“Does this belong to your son?” Detective Haeny asked, and you put your hand over your mouth and screamed through your fingers, and felt, in that moment, like the best possibility available to you would be to just keep screaming and never stop, to produce a scream so great that it enveloped and consumed the evidence bag, and the officer holding it out to you, and the land, and the sea, and the sky, to scream and scream until the screaming somehow killed you; because, if you stopped, worse things than any of these would be waiting out there in the quiet, the rapidly gathering quiet that palpably stood ready to open up for you like a dark, endless cave from which you would never be free.
7.
A CAVE I will never, ever get out of, you said: your exact words. A cave that probably has other people in it, maybe a lot of them, and sometimes you think you can hear them around you or behind you or ahead of you, talking, crying, pounding on the walls, but you can’t be sure because the pain is making you crazy, and to be crazy is to have more noises in your head than usual. A cave that can disguise itself as a morgue, or a coroner’s office, or a courtroom, or a bedroom, or the bathroom, you said: a cave you carry around with you like a chair you have to sit in wherever you go, and, to everybody else, it just looks like a normal chair, but to you it’s the top of a slide, and every time you sit down on it you head down into the depths.
It’s stupid to talk about which part of anything could really be the worst part when the thing you’re talking about is that somebody murdered your son, stabbed him thirty-seven times with an oyster-shucking knife, stabbed him in his face and in his throat and in his chest and in his arms and in his stomach and on his hands, which he was probably using to try to protect his face, his beautiful face, but she got him there, too, nine times there, they said. And you were lucky, you wrote, they hadn’t said “lucky” but it was only obvious that was what they meant, that she hadn’t been able to finish cutting both of them apart, otherwise they might not have been able to find all the pieces, the remaining pieces of your son Jesse and his friend Gene, Gene who was always nice to you no matter what people said about him, nobody ever gave him a chance, they talked about him like he was trash but how could he help it, and now he was dead, pieces of him all mixed up in the same garbage bag with Jesse, and you were supposed to feel lucky that they’d even been able to get together enough body parts to make an identification; and that was the first worst part, the part that made you begin to apprehend the dimensions of the cave: the details.
Because they were trying to spare you the worst of the details, they said; but it was also their job to tell you, for the investigation. What investigation? What did anybody need to investigate? The world is so full of people who see what’s going on right in front of their faces, you wrote, but they don’t do anything, police, teachers, your own family, they see and maybe they give you a sad look, but you can take that sad look down to hell with you if you’re ever lucky enough to get there, to get out of this awful place and at least be free, but that was all fairy tales anyway as far as you were concerned, there was no way any of it was true, you hated to say it, on good days you didn’t feel this way at all anymore but today you did, and you wanted me to hear it, to see, to know what it was like except that I would never actually know, because for me all the details were just part of my stupid story, something I did for money, or to show people how smart I was, or who really knows why, but for you the details were like markings on a blueprint, each of them indicating just how much there was to know about the space where you would have to live for the rest of your life, how many things there were to learn that nobody would ever want to learn and which would never leave you once you’d learned them, things which would give you nightmares, and headaches, and would train you to respond to stressful situations in ways that never helped, only hurt, learned responses that made everything worse and made you feel like your mind was your own worst enemy, and who could you turn to if not yourself when all you had ever had was yourself, yourself and Jesse, the one person in this world you’d been able to look at for seventeen years and say, That is a sweet person, he deserves better than what this world has given me, but instead he was lost in the cave now, and you knew you would never find him.

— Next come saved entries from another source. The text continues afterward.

lemma nonzero_const_mem:
  assumes "W \<noteq> {zero4}"
  obtains c where "c \<noteq> 0" and "(\<lambda>s1 t1 s2 t2. c) \<in> W"
proof -
  let ?D = "[diff4 1 0 0 0, diff4 1 (-1) 0 0, diff4 0 0 1 0, diff4 0 0 1 (-1)]"
  obtain F where F: "F \<in> W" "F \<noteq> zero4"
    using assms subspace unfolding subspace4_def by blast
  have "diff4 1 0 0 0 u \<in> W" "diff4 1 (-1) 0 0 u \<in> W" "diff4 0 0 1 0 u \<in> W" "diff4 0 0 1 (-1) u \<in> W"
    if "u \<in> W" for u
    using diff4_mem[OF that, of 0] diff4_mem[OF that, of 1] by simp_all
  then have closed: "\<And>D. D \<in> set ?D \<Longrightarrow> D ` W \<subseteq> W"
    by auto
  have nilpotent: "\<And>D. D \<in> set ?D \<Longrightarrow> \<forall>u \<in> W. \<exists>n. (D ^^ n) u = zero4"
    using diff4_nilpotent polynomial by auto
  have zero: "\<And>D. D \<in> set ?D \<Longrightarrow> D zero4 = zero4"
    using diff4_zero4 by auto
  have commute: "\<And>D D'. D \<in> set ?D \<Longrightarrow> D' \<in> set ?D \<Longrightarrow> D \<circ> D' = D' \<circ> D"
    by (auto simp: diff4_commute)
  have "\<exists>G \<in> W. G \<noteq> zero4 \<and> (\<forall>D \<in> set ?D. D G = zero4)"
    by (rule commuting_nilpotent_common_null_vector[where x = F])
       (use closed nilpotent zero commute F in blast)+
  then obtain G where G: "G \<in> W" "G \<noteq> zero4"
    and s1: "\<forall>s1 t1 s2 t2. G (s1 + 1) t1 s2 t2 = G s1 t1 s2 t2"
    and s1_t1: "\<forall>s1 t1 s2 t2. G (s1 + 1) (t1 - 1) s2 t2 = G s1 t1 s2 t2"
    and s2: "\<forall>s1 t1 s2 t2. G s1 t1 (s2 + 1) t2 = G s1 t1 s2 t2"
    and s2_t2: "\<forall>s1 t1 s2 t2. G s1 t1 (s2 + 1) (t2 - 1) = G s1 t1 s2 t2"
    by (auto simp: diff4_eq_zero4_iff)
  have "G s1 (t1 + 1) s2 t2 = G s1 t1 s2 t2" "G s1 t1 s2 (t2 + 1) = G s1 t1 s2 t2" for s1 t1 s2 t2
    using s1_t1[rule_format, of s1 "t1 + 1"] s1 s2_t2[rule_format, of s1 t1 s2 "t2 + 1"] s2 by simp_all
  then have G_const: "G = (\<lambda>s1 t1 s2 t2. G 0 0 0 0)"
    using G(1) polynomial s1 s2 by (intro ext poly4_periodic_const) auto
  with G(2) have "G 0 0 0 0 \<noteq> 0"
    by (auto simp: zero4_def)
  with G(1) G_const show ?thesis
    using that by auto
qed

lemma nonzero_eq_poly4:
  assumes "W \<noteq> {zero4}"
  shows "W = poly4"
proof -
  obtain c where "c \<noteq> 0" "(\<lambda>s1 t1 s2 t2. c) \<in> W"
    using nonzero_const_mem assms .
  then have "g \<in> W" if "g \<in> poly4" for g
    using poly4_mult_mem[OF poly4_mult[OF that poly4_const[of "1 / c"]] \<open>(\<lambda>s1 t1 s2 t2. c) \<in> W\<close>]
      \<open>c \<noteq> 0\<close> by simp
  then show ?thesis
    using polynomial by blast
qed

end

theorem theorem4p6:
  fixes lam1 lam2 sig1 sig2 eta1 eta2 :: complex
  assumes "lam1 \<noteq> 0" and "lam2 \<noteq> 0" and "sig1 \<noteq> 0" and "sig2 \<noteq> 0"
  shows "irreducible_module4 poly4
           (tensor_act (omega_act lam1 eta1 sig1) (omega_act lam2 eta2 sig2))
         \<longleftrightarrow> lam1 \<noteq> lam2"
proof
  assume "irreducible_module4 poly4
    (tensor_act (omega_act lam1 eta1 sig1) (omega_act lam2 eta2 sig2))"
  then show "lam1 \<noteq> lam2"
    using tensor_equal_lambda_reducible by blast
next
  assume "lam1 \<noteq> lam2"
  have "(\<lambda>s1 t1 s2 t2. 1) \<in> poly4" "(\<lambda>s1 t1 s2 t2. 1) \<noteq> zero4"
    by (simp_all add: poly4_const zero4_def fun_eq_iff)
  moreover have "W = {zero4} \<or> W = poly4"
    if "W \<subseteq> poly4" "zero4 \<in> W" "\<forall>u\<in>W. \<forall>w\<in>W. add4 u w \<in> W" "\<forall>c. \<forall>u\<in>W. smul4 c u \<in> W"
      "\<forall>x. \<forall>u\<in>W. tensor_act (omega_act lam1 eta1 sig1) (omega_act lam2 eta2 sig2) x u \<in> W" for W
  proof -
    interpret tensor_submodule lam1 lam2 eta1 eta2 sig1 sig2 W
      using assms \<open>lam1 \<noteq> lam2\<close> that by unfold_locales (auto simp: subspace4_def)
    show ?thesis
      using nonzero_eq_poly4 by blast
  qed
  ultimately show "irreducible_module4 poly4
    (tensor_act (omega_act lam1 eta1 sig1) (omega_act lam2 eta2 sig2))"
    unfolding irreducible_module4_def by blast
qed

end
lemma unitary_conj_diag_eigenvalue:
  assumes "unitary n U" "unitary n V" "U * rdiag n d * cadj U = V * rdiag n e * cadj V" "i < n"
  shows "\<exists>j<n. e i = d j"
proof -
  let ?x = "complex_of_real (e i)"
  have "poly (char_poly (V * rdiag n e * cadj V)) ?x = 0"
    using assms(4) by (auto simp: char_poly_unitary_conj[OF assms(2)] poly_prod_list prod_list_zero_iff)
  then have "poly (\<Prod>j\<leftarrow>[0..<n]. [:- complex_of_real (d j), 1:]) ?x = 0"
    by (simp only: assms(3)[symmetric] char_poly_unitary_conj[OF assms(1)])
  then show ?thesis by (auto simp: poly_prod_list prod_list_zero_iff)
qed

lemma unitary_conj_affine:
  assumes "unitary n U" "\<And>i. i < n \<Longrightarrow> f i = \<beta> * d i + \<gamma>"
  shows "U * rdiag n f * cadj U
    = complex_of_real \<beta> \<cdot>\<^sub>m (U * rdiag n d * cadj U) + complex_of_real \<gamma> \<cdot>\<^sub>m 1\<^sub>m n"
proof -
  have U: "U \<in> carrier_mat n n" and UU: "U * cadj U = 1\<^sub>m n" using assms(1) by (auto simp: unitary_def)
  note cU = cadj_carrier[OF U]
  have f: "rdiag n f = complex_of_real \<beta> \<cdot>\<^sub>m rdiag n d + complex_of_real \<gamma> \<cdot>\<^sub>m 1\<^sub>m n"
    using assms(2) by (intro eq_matI) (auto simp: rdiag_def)
  have "U * rdiag n f = U * (complex_of_real \<beta> \<cdot>\<^sub>m rdiag n d) + U * (complex_of_real \<gamma> \<cdot>\<^sub>m 1\<^sub>m n)"
    unfolding f by (rule mult_add_distrib_mat[OF U]) auto
  also have "\<dots> = complex_of_real \<beta> \<cdot>\<^sub>m (U * rdiag n d) + complex_of_real \<gamma> \<cdot>\<^sub>m U"
    using U by (simp add: mult_smult_distrib[OF U rdiag_carrier] mult_smult_distrib[OF U one_carrier_mat])
  finally have "U * rdiag n f = complex_of_real \<beta> \<cdot>\<^sub>m (U * rdiag n d) + complex_of_real \<gamma> \<cdot>\<^sub>m U" .
  then have "U * rdiag n f * cadj U
      = complex_of_real \<beta> \<cdot>\<^sub>m (U * rdiag n d * cadj U) + complex_of_real \<gamma> \<cdot>\<^sub>m (U * cadj U)"
    using U cU by (simp add: add_mult_distrib_mat[of _ n n] mult_smult_assoc_mat[of _ n n])
  then show ?thesis unfolding UU .
qed

section \<open>Matrix powers and eigenvalues in dimension two\<close>

lemma less_two_iff: "(i::nat) < 2 \<longleftrightarrow> i = 0 \<or> i = 1"
  by auto

lemma affine_interpolant_exists: "\<exists>\<beta> \<gamma>. f u = \<beta> * u + \<gamma> \<and> f v = \<beta> * v + \<gamma>"
  for f :: "real \<Rightarrow> real"
proof (cases "u = v")
  case True
  then show ?thesis by (intro exI[of _ 0] exI[of _ "f u"]) simp
next
  case False
  define \<beta> where "\<beta> = (f u - f v) / (u - v)"
  have "\<beta> * (u - v) = f u - f v" using False unfolding \<beta>_def by simp
  then show ?thesis by (intro exI[of _ \<beta>] exI[of _ "f u - \<beta> * u"]) (simp add: algebra_simps)
qed

lemma affine_interpolant_eval:
  fixes \<beta> \<gamma> u v z :: real
  assumes "f u = \<beta> * u + \<gamma>" "f v = \<beta> * v + \<gamma>" "u \<noteq> v"
  shows "\<beta> * z + \<gamma> = (f u - f v) / (u - v) * (z - u) + f u"
proof -
  have "\<beta> = (f u - f v) / (u - v)" using assms by (simp add: field_simps)
  then show ?thesis using assms(1) by (simp add: algebra_simps)
qed

text \<open>\<^const>\<open>mpow\<close> chooses some spectral decomposition. In dimension 2 all choices agree:
  on the at most two eigenvalues, \<open>t powr s\<close> coincides with an affine function of \<open>t\<close>.\<close>
lemma mpow_unitary_conj:
  assumes U: "unitary 2 U" and d: "\<And>i. i < 2 \<Longrightarrow> 0 < d i" and M: "M = U * rdiag 2 d * cadj U"
  shows "mpow 2 M t = U * rdiag 2 (\<lambda>i. d i powr t) * cadj U"
proof -
  let ?P = "\<lambda>B. \<exists>U d. unitary 2 U \<and> (\<forall>i<2. 0 < d i) \<and> M = U * rdiag 2 d * cadj U
    \<and> B = U * rdiag 2 (\<lambda>i. d i powr t) * cadj U"
  have "?P (mpow 2 M t)" unfolding mpow_def by (rule someI_ex) (use U d M in blast)
  then obtain V e where V: "unitary 2 V" and Me: "M = V * rdiag 2 e * cadj V"
    and B: "mpow 2 M t = V * rdiag 2 (\<lambda>i. e i powr t) * cadj V" by blast
  obtain \<beta> \<gamma> where bg: "d 0 powr t = \<beta> * d 0 + \<gamma>" "d 1 powr t = \<beta> * d 1 + \<gamma>"
    using affine_interpolant_exists[of "\<lambda>x. x powr t" "d 0" "d 1"] by blast
  have fd: "d i powr t = \<beta> * d i + \<gamma>" if "i < 2" for i
    using bg that by (auto simp: less_two_iff)
  have fe: "e i powr t = \<beta> * e i + \<gamma>" if "i < 2" for i
    using unitary_conj_diag_eigenvalue[OF U V M[symmetric, unfolded Me] that] fd by auto
  show ?thesis
    using unitary_conj_affine[OF V fe] unitary_conj_affine[OF U fd] B Me M by simp
qed

lemma eigs_2I:
  assumes cp: "char_poly X = (\<Prod>a\<leftarrow>[l1, l2]. [:- complex_of_real a, 1:])" and l: "l2 \<le> l1"
  shows "eigs 2 X = [l1, l2]"
proof -
  have prod2: "(\<Prod>a\<leftarrow>[x, y]. [:- complex_of_real a, 1:])
      = [:complex_of_real (x * y), - complex_of_real (x + y), 1:]" for x y
    by (simp add: mult_pCons_left smult_add_left algebra_simps del: pCons_0_as_mult)
  let ?Q = "\<lambda>ls. length ls = 2 \<and> sorted_wrt (\<ge>) ls \<and> char_poly X = (\<Prod>a\<leftarrow>ls. [:- complex_of_real a, 1:])"
  have uniq: "ls = [l1, l2]" if "?Q ls" for ls
  proof -
    have "\<exists>x y. ls = [x, y]"
      using that by (auto simp: numeral_2_eq_2 length_Suc_conv)
    then obtain x y where ls: "ls = [x, y]" by blast
    have "[:complex_of_real (x * y), - complex_of_real (x + y), 1:]
        = [:complex_of_real (l1 * l2), - complex_of_real (l1 + l2), 1:]"
      using that ls cp prod2 by metis
    then have "complex_of_real (x * y) = complex_of_real (l1 * l2)"
      and "complex_of_real (x + y) = complex_of_real (l1 + l2)"
      by (simp_all only: pCons_eq_iff neg_equal_iff_equal)
    then have prod: "x * y = l1 * l2" and sum: "x + y = l1 + l2"
      by (simp_all only: of_real_eq_iff)
    have "(x - l1) * (x - l2) = x * x - (l1 + l2) * x + l1 * l2"
      by (simp add: algebra_simps)
    also have "\<dots> = 0"
      unfolding sum[symmetric] prod[symmetric] by (simp add: algebra_simps)
    finally have "(x - l1) * (x - l2) = 0" .
    then show ?thesis using sum that ls l by auto
  qed
  show ?thesis unfolding eigs_def using cp l uniq by (intro some_equality) auto
qed

lemma eigs_unitary_conj_2:
  assumes "unitary 2 U" "d 1 \<le> d 0"
  shows "eigs 2 (U * rdiag 2 d * cadj U) = [d 0, d 1]"
  using assms by (intro eigs_2I) (simp_all add: char_poly_unitary_conj numeral_2_eq_2)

You would never find him: because there was no cave, it only felt like one, you weren’t crazy, you said, you just felt crazy because it was too much to take, too much, you said. You screamed when the officer showed you his necklace and they brought you a blanket, that’s what they do when people are in shock, they give them a blanket, do they think we are babies, but you remembered the blanket, and a paper cup of cold water, and sitting in a wooden chair sipping it while the officers bore witness to your rapidly numbing affect, too much, what next, they had already asked their questions because they knew this would happen, how were you going to tell Michael, what would he do.